Если медики предпочитали ставить женщинам диагноз «неврастения», то зачастую это открыто объяснялось намерением уберечь женщину от ярлыка истерички и отвечало пожеланиям их пациенток, для которых диагноз «истерия» был оскорбителен. Некоторые неврологи и психиатры под влиянием теории неврастении меняли свою позицию. Крафт-Эбинг, который еще в 1878 году приписывал яичникам центральную роль в развитии у женщин истерии и безумия, в книге о нервозности 1900 года порицал склонность «называть истерией любой общий невроз, обнаруживаемый у женщины и имеющий элементы истеричности». В той же книге он признавался: «У меня сложилось впечатление, что неврастения у женщин встречается лишь на ничтожный процент реже, чем у мужчин». В связи с этим он замечает, что «трудовое переутомление и распутство», играющие важную роль при возникновении неврастении у мужчин, «у женщин почти компенсированы переутомлением в роли домохозяйки и матери». Так что – у женщин имелись также вполне достойные причины для неврастении (см. примеч. 84).
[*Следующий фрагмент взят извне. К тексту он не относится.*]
(* Let $n\in\mathbb{N}\cup\{0\}$, $A_1,\dots,A_n\in\mathscr{Q}$ and $\mathcal{A}=\{A_1,\dots,A_n\}$. An option set $S\in\mathscr{Q}$ belongs to $\mathrm{Ex}(\mathcal{A})$ if and only if either $S\cap\mathscr{V}_{>0}\neq\emptyset$, or $n\neq0$ and there exists $T\in\mathrm{Posi}'(A_1,\dots,A_n)$ such that for every $t\in T$ there is some $s\in S\cup\{0\}$ with $t\le s$.
   Context: Let $\mathcal{X}$ be a nonempty set and let $\mathscr{V}$ be the real vector space of all functions $u:\mathcal{X}\to\mathbb{R}$ (options), with pointwise operations. For $u,v\in\mathscr{V}$, $u\le v$ iff $u(x)\le v(x)$ for all $x\in\mathcal{X}$, and $u<v$ iff $u\le v$ and $u\neq v$. Let $\mathscr{V}_{>0}=\{u\in\mathscr{V}:0<u\}$ and $\mathscr{V}^s_{>0}=\{\{u\}:u\in\mathscr{V}_{>0}\}$. Let $\mathscr{Q}$ be the set of all finite subsets of $\mathscr{V}$ (including $\emptyset$). For a positive integer $n$, $\mathbb{R}^{n,+}=\{\boldsymbol\lambda\in\mathbb{R}^n:\lambda_j\ge0\ \forall j,\ \sum_j\lambda_j>0\}$, and for $\boldsymbol\lambda\in\mathbb{R}^n$, $\mathbf u=(u_1,\dots,u_n)\in\mathscr{V}^n$, $\boldsymbol\lambda\mathbf u=\sum_{j=1}^n\lambda_ju_j$. A set of desirable option sets is any $K\subseteq\mathscr{Q}$. It is coherent if for all $A,B\in K$: (K0) $A\setminus\{0\}\in K$; (K1) $\{0\}\notin K$; (K2) $\mathscr{V}^s_{>0}\subseteq K$; (K3) $\{\boldsymbol\lambda(\mathbf u)\mathbf u:\mathbf u\in A\times B\}\in K$ for every map $\boldsymbol\lambda:A\times B\to\mathbb{R}^{2,+}$; (K4) $A\cup Q\in K$ for all $Q\in\mathscr{Q}$. $\bar{\mathbf K}$ denotes the set of coherent sets of desirable option sets. An assessment is any subset $\mathcal{A}\subseteq\mathscr{Q}$. Let $\bar{\mathbf K}(\mathcal A)=\{K\in\bar{\mathbf K}:\mathcal A\subseteq K\}$ and $\mathrm{Ex}(\mathcal A)=\bigcap\bar{\mathbf K}(\mathcal A)$, with the convention $\bigcap\emptyset=\mathscr{Q}$. For a positive integer $n$ and $A_1,\dots,A_n\in\mathscr{Q}$: $\mathrm{Posi}'(A_1,\dots,A_n)=\{\{\boldsymbol\lambda(\mathbf u)\mathbf u:\mathbf u\in\times_{j=1}^nA_j\}:\ \boldsymbol\lambda:\times_{j=1}^nA_j\to\mathbb{R}^{n,+}\}$. *)

theory Defs
  imports Complex_Main "HOL-Library.Function_Algebras" "HOL-Library.FuncSet"
begin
Если верить Тому Лютцу, то в Америке конца XIX – начала XX веков дискурс нервов, несмотря на Бирда, был в высшей степени дискриминационным в отношении пола: причины неврастении у мужчин и женщин описывались совершенно по-разному, и столь же разными были предлагаемые методы терапии – для женщин покой, а для мужчин путешествие верхом по Дикому Западу. Психиатр и невролог Жено Колларитс открыто признавал, что, учитывая важные различия между мужчинами и женщинами, он «априори ожидал, что не только форма неврастении у мужчин и женщин различна», но и «при оказании помощи можно обнаружить различия». Но его исследования не оправдали этих ожиданий. Сначала он предполагал, что «неврастению у женщин могут вызвать менее серьезные обстоятельства». «Однако когда я вспоминаю, как один невротик объяснил последнее ухудшение своей болезни смертью одного из своих кроликов, то я и у женщин не могу найти особенно ничтожных причин». Среди трех типичных случаев, которыми иллюстрирует природу неврастении Август Крамер, – «биржевик», банкир и медсестра. Женщина в этом трио вызывает самую большую симпатию: она являет собой классический пример неврастении, возникшей на почве стремления как можно лучше выполнять свою работу. Ее болезнь не связана ни со слабостью – врожденной или приобретенной, – ни с дурными привычками, а объясняется лишь трудовым переутомлением и травматическими переживаниями:

«Медсестра фройляйн X., 29 лет, работала медсестрой в Китае, когда там начались боксерские волнения[120]; наследственность не отягощена, всегда была здорова, в течение последних недель ей почти ежедневно приходилось переживать ужасающие сцены, всевозможные жестокости, постоянное волнение и беспокойство, затем очень тяжело работать во время подавления восстания. Наконец она вернулась обратно в Германию и начала, поскольку обладала лишь очень малым состоянием и должна была искать себе заработок, готовиться к экзамену на право преподавать в старшей школе, с большим рвением взялась за учебу, работала целыми днями до поздней ночи. В третьем семестре этой работы, которую она не прерывала и на каникулах, начинает портиться сон, […] (по ее словам) если иногда спокойно засыпала, то немедленно просыпалась из-за невыносимо страшных снов. Чувствует себя “вялой и разбитой” в резком контрасте с ее былой энергичностью».



Этой женщине можно было помочь; через восемь недель лечения «былая энергичность и эластичность» вернулись (см. примеч. 85). Сочувственные рассуждения о нервных расстройствах у студенток и работающих по специальности женщин нередко соседствуют с женоненавистничеством и дискриминацией, но у Крамера и речи нет о том, что лучшим средством спасения женских нервов был бы отказ от профессиональной деятельности. Множество невротичных домохозяек доказывали обратное.

119

Блейлер Эйген (Ойген Блойлер, 1857–1939) – швейцарский психиатр, предложивший заменить термин Крепелина «dementia praecox» на «шизофрению».

Учение Блейлера о шизофрении разовьет его ученик Юнг.

120

Боксерское восстание (1898–1901) – восстание ихэтуаней (букв, «отрядов гармонии и справедливости») против иностранного вмешательства во внутреннюю жизнь Китая.